YOUR TASK:
Give back exactly the stretch of data below from the line holding "cols_dim by blast" through the line holding "(metis index_zero_vec(1) zero_neq_one)", both ends included, and leave the remaining lines out.

ENTRIES SHOWN:

(* Let $n\ge 2$ and $k\ge 1$ be integers. (a) If $f\in M_{n,k}$, then $\mathcal{M}(n,k)\ge f(1)/f_0$. (b) Let $M\ge 2$ be an integer, let $h:[-1,1]\to[0,+\infty]$ be a potential function, and let $f\in L^{(h)}_{n,k}$. Then $\mathcal{L}_h(n,k,M)\ge M(f_0M-f(1))$. (c) Let $M\ge 2$ be an integer, let $h:[-1,1]\to[0,+\infty]$ be a potential function, and let $f\in U^{(h)}_{n,k}$. Then $\mathcal{U}_h(n,k,M)\le M(f_0M-f(1))$.
   Context: For $n\ge 2$, let $P_i^{(n)}(t)$ be the normalized Gegenbauer polynomials: $P_0^{(n)}=1$, $P_1^{(n)}=t$, and $(i+n-2)P_{i+1}^{(n)}(t)=(2i+n-2)tP_i^{(n)}(t)-iP_{i-1}^{(n)}(t)$ for $i\ge1$. A spherical code is a nonempty finite set $C\subset\mathbb{S}^{n-1}$. Its moments are $M_i(C)=\sum_{x,y\in C}P_i^{(n)}(\langle x,y\rangle)$ for $i\ge1$. $C$ is a spherical $(k,k)$-design if $M_{2i}(C)=0$ for $i=1,\dots,k$. Define: - $\mathcal{M}(n,k)=\min\{|C|: C\subset\mathbb{S}^{n-1}$ is a $(k,k)$-design$\}$. - For $h:[-1,1]\to[0,+\infty]$, the $h$-energy $E_h(C)=\sum_{x,y\in C,\,x\ne y}h(\langle x,y\rangle)$. - $\mathcal{L}_h(n,k,M)=\min\{E_h(C): C\subset\mathbb{S}^{n-1}$ a $(k,k)$-design, $|C|=M\}$ and $\mathcal{U}_h(n,k,M)=\max\{E_h(C)$ over the same set$\}$. For a real polynomial $f$ of degree $m$, write its Gegenbauer expansion $f(t)=\sum_{i=0}^m f_iP_i^{(n)}(t)$. Define: - $F_{n,k}=\{f: f_0>0,\ f_i\le0$ for $i=1,3,\dots,2k-1$ and for all $i\ge 2k+1\}$. - $G_{n,k}=\{f: f_0>0,\ f_i\ge0$ for $i=1,3,\dots,2k-1$ and for all $i\ge2k+1\}$. - $M_{n,k}=\{f\in F_{n,k}: f(t)\ge0$ for all $t\in[-1,1]\}$. - $L^{(h)}_{n,k}=\{f\in G_{n,k}: f(t)\le h(t)$ for all $t\in[-1,1]\}$. - $U^{(h)}_{n,k}=\{f\in F_{n,k}: f(t)\ge h(t)$ for all $t\in[-1,1]\}$. *)

theory Defs
  imports "HOL-Analysis.Analysis" "HOL-Computational_Algebra.Polynomial" "HOL-Library.Extended_Real"
begin
lemma col_space_basis_of_cols:
  assumes B: "B \<in> carrier_mat n nc"
  obtains I where "I \<subseteq> {..<nc}" "card I = rank B" "inj_on (col B) I"
    "lin_indpt (col B ` I)" "span (col B ` I) = col_space B"
proof -
  have cols: "set (cols B) \<subseteq> carrier_vec n" using B cols_dim by blast
  obtain S where S: "maximal S (\<lambda>T. T \<subseteq> set (cols B) \<and> lin_indpt T)"
    using maximal_exists[of "\<lambda>T. T \<subseteq> set (cols B) \<and> lin_indpt T" "card (set (cols B))" "{}"]
    by (meson List.finite_set card_mono empty_iff empty_subsetI finite_lin_indpt2 rev_finite_subset)
  then have S_cols: "S \<subseteq> set (cols B)" and S_indpt: "lin_indpt S" unfolding maximal_def by auto
  have S_carrier: "S \<subseteq> carrier_vec n" using S_cols cols by auto
  have "v \<in> span S" if v: "v \<in> set (cols B)" for v
  proof (rule ccontr)
    assume "v \<notin> span S"
    then have "v \<notin> S" "lin_indpt (S \<union> {v})"
      using in_own_span[OF S_carrier] lin_dep_iff_in_span[OF S_carrier S_indpt] v cols by auto
    then show False using S v S_cols unfolding maximal_def by blast
  qed
  then have "span (set (cols B)) \<subseteq> span S"
    using S_carrier by (intro span_is_subset span_is_submodule) auto
  then have span_S: "span S = col_space B"
    unfolding col_space_def using span_is_monotone[OF S_cols] by blast
  have "S \<subseteq> col B ` {..<nc}" using S_cols B by (auto simp: cols_def)
  then obtain I where "I \<subseteq> {..<nc}" "inj_on (col B) I" "S = col B ` I"
    by (auto simp: subset_image_inj)
  moreover have "card I = rank B"
    using rank_card_indpt[OF B S] card_image \<open>inj_on (col B) I\<close> \<open>S = col B ` I\<close> by metis
  ultimately show ?thesis using that S_indpt span_S by blast
qed

lemma cols_dependent_if_in_span:
  assumes S: "S \<subseteq> carrier_vec n" "finite S" and ws: "set ws \<subseteq> span S" "card S < length ws"
  obtains c where "c \<in> carrier_vec (length ws)" "c \<noteq> 0\<^sub>v (length ws)" "mat_of_cols n ws *\<^sub>v c = 0\<^sub>v n"
proof (cases "distinct ws")
  case False
  then obtain i j where ij: "i < length ws" "j < length ws" "i \<noteq> j" "ws ! i = ws ! j"
    unfolding distinct_conv_nth by blast
  let ?c = "unit_vec (length ws) i - unit_vec (length ws) j :: 'a vec"
  have "?c $ i = 1" using ij by simp
  then have "?c \<noteq> 0\<^sub>v (length ws)" using ij(1) by (metis index_zero_vec(1) zero_neq_one)
  moreover have "mat_of_cols n ws *\<^sub>v ?c = 0\<^sub>v n"
  proof (rule eq_vecI)
    fix k assume "k < dim_vec (0\<^sub>v n)"
    then show "(mat_of_cols n ws *\<^sub>v ?c) $ k = 0\<^sub>v n $ k"
      using ij by (simp add: mat_of_cols_mult_vec_index unit_vec_def right_diff_distrib sum_subtractf
          if_distrib[of "times _"] del: index_mult_mat_vec cong: if_cong)
  qed simp
  ultimately show ?thesis using that[of ?c] by simp
next
  case True
  have carrier: "set ws \<subseteq> carrier_vec n" using ws(1) span_is_subset2[OF S(1)] by auto
  have "lin_dep (set ws)"
  proof (rule ccontr)
    assume "lin_indpt (set ws)"
    then have "card (set ws) \<le> card S"
      using replacement[OF List.finite_set S(2,1) _ ws(1)] by fastforce
    then show False using distinct_card[OF True] ws(2) by simp
  qed
  then show ?thesis
    using lin_depE[of "mat_of_cols n ws" "length ws"] that carrier True by (metis cols_mat_of_cols mat_of_cols_carrier(1))
qed
(* Let $f(d,m)$ denote the number of $m$-tuples $(\sigma_1,\ldots,\sigma_m)$ of transpositions in $S_d$ such that, writing $\sigma_j=(a_j\,b_j)$ with $a_j<b_j$, $b_1\le b_2\le\cdots\le b_m$ (no transitivity or cycle-type condition). Then \[ Z(x,\hbar)=1+\sum_{d\ge1}\sum_{m\ge0}\frac{f(d,m)}{d!}x^d\hbar^{m-d}. \]
   Context: Monotone Hurwitz numbers $\vec H_{g,n}(\mu_1,\ldots,\mu_n)$: with $|\boldsymbol\mu|=\sum\mu_i$ and $m=2g-2+n+|\boldsymbol\mu|$, it is $\frac{1}{|\boldsymbol\mu|!}$ times the number of $m$-tuples of transpositions $(\sigma_1,\ldots,\sigma_m)$ in $S_{|\boldsymbol\mu|}$, with a labelling of the cycles of $\sigma_1\circ\cdots\circ\sigma_m$ by $1,\ldots,n$ so that cycle $i$ has length $\mu_i$, such that the $\sigma_j$ generate a transitive subgroup and, writing $\sigma_j=(a_j\,b_j)$ with $a_j<b_j$, $b_1\le\cdots\le b_m$ (zero if $m<0$). Free energy $F_{g,n}(x_1,\ldots,x_n)=\sum_{\mu_i\ge1}\vec H_{g,n}(\boldsymbol\mu)\prod x_i^{\mu_i}$. Wave function: $Z(x,\hbar)=\exp\big[\sum_{g\ge0}\sum_{n\ge1}\frac{\hbar^{2g-2+n}}{n!}F_{g,n}(x,\ldots,x)\big]\in\mathbb{Q}[[x\hbar^{-1},\hbar]]$. *)

theory Defs
  imports "HOL-Computational_Algebra.Formal_Power_Series" "HOL-Combinatorics.Transposition"
    "HOL-Library.FuncSet"
begin

text \<open>A transposition (a b) with a < b in S_d (acting on {1..d}) is encoded by the pair (a,b);
  this encoding is a bijection onto the transpositions of S_d.\<close>

definition transp_pairs :: "nat \<Rightarrow> (nat \<times> nat) set" where
  "transp_pairs d = {(a, b). 1 \<le> a \<and> a < b \<and> b \<le> d}"

definition prod_transp :: "(nat \<times> nat) list \<Rightarrow> nat \<Rightarrow> nat" where
  "prod_transp ts = foldr (\<lambda>(a, b) p. transpose a b \<circ> p) ts id"

definition monotone_tuple :: "nat \<Rightarrow> nat \<Rightarrow> (nat \<times> nat) list set" where
  "monotone_tuple d m = {ts. length ts = m \<and> set ts \<subseteq> transp_pairs d \<and> sorted (map snd ts)}"

text \<open>The subgroup generated by the sigma_j acts transitively on {1..d}.  Since the generators
  are involutions, the generated subgroup consists exactly of the finite products of
  generators.\<close>
definition transitive_tuple :: "nat \<Rightarrow> (nat \<times> nat) list \<Rightarrow> bool" where
  "transitive_tuple d ts \<longleftrightarrow>
     (\<forall>x\<in>{1..d}. \<forall>y\<in>{1..d}. \<exists>w\<in>lists (set ts). prod_transp w x = y)"

definition cycles_of :: "nat \<Rightarrow> (nat \<Rightarrow> nat) \<Rightarrow> nat set set" where
  "cycles_of d p = {{(p ^^ k) x | k. True} | x. x \<in> {1..d}}"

EXERCISE ANSWER:
  have cols: "set (cols B) \<subseteq> carrier_vec n" using B cols_dim by blast
  obtain S where S: "maximal S (\<lambda>T. T \<subseteq> set (cols B) \<and> lin_indpt T)"
    using maximal_exists[of "\<lambda>T. T \<subseteq> set (cols B) \<and> lin_indpt T" "card (set (cols B))" "{}"]
    by (meson List.finite_set card_mono empty_iff empty_subsetI finite_lin_indpt2 rev_finite_subset)
  then have S_cols: "S \<subseteq> set (cols B)" and S_indpt: "lin_indpt S" unfolding maximal_def by auto
  have S_carrier: "S \<subseteq> carrier_vec n" using S_cols cols by auto
  have "v \<in> span S" if v: "v \<in> set (cols B)" for v
  proof (rule ccontr)
    assume "v \<notin> span S"
    then have "v \<notin> S" "lin_indpt (S \<union> {v})"
      using in_own_span[OF S_carrier] lin_dep_iff_in_span[OF S_carrier S_indpt] v cols by auto
    then show False using S v S_cols unfolding maximal_def by blast
  qed
  then have "span (set (cols B)) \<subseteq> span S"
    using S_carrier by (intro span_is_subset span_is_submodule) auto
  then have span_S: "span S = col_space B"
    unfolding col_space_def using span_is_monotone[OF S_cols] by blast
  have "S \<subseteq> col B ` {..<nc}" using S_cols B by (auto simp: cols_def)
  then obtain I where "I \<subseteq> {..<nc}" "inj_on (col B) I" "S = col B ` I"
    by (auto simp: subset_image_inj)
  moreover have "card I = rank B"
    using rank_card_indpt[OF B S] card_image \<open>inj_on (col B) I\<close> \<open>S = col B ` I\<close> by metis
  ultimately show ?thesis using that S_indpt span_S by blast
qed

lemma cols_dependent_if_in_span:
  assumes S: "S \<subseteq> carrier_vec n" "finite S" and ws: "set ws \<subseteq> span S" "card S < length ws"
  obtains c where "c \<in> carrier_vec (length ws)" "c \<noteq> 0\<^sub>v (length ws)" "mat_of_cols n ws *\<^sub>v c = 0\<^sub>v n"
proof (cases "distinct ws")
  case False
  then obtain i j where ij: "i < length ws" "j < length ws" "i \<noteq> j" "ws ! i = ws ! j"
    unfolding distinct_conv_nth by blast
  let ?c = "unit_vec (length ws) i - unit_vec (length ws) j :: 'a vec"
  have "?c $ i = 1" using ij by simp
  then have "?c \<noteq> 0\<^sub>v (length ws)" using ij(1) by (metis index_zero_vec(1) zero_neq_one)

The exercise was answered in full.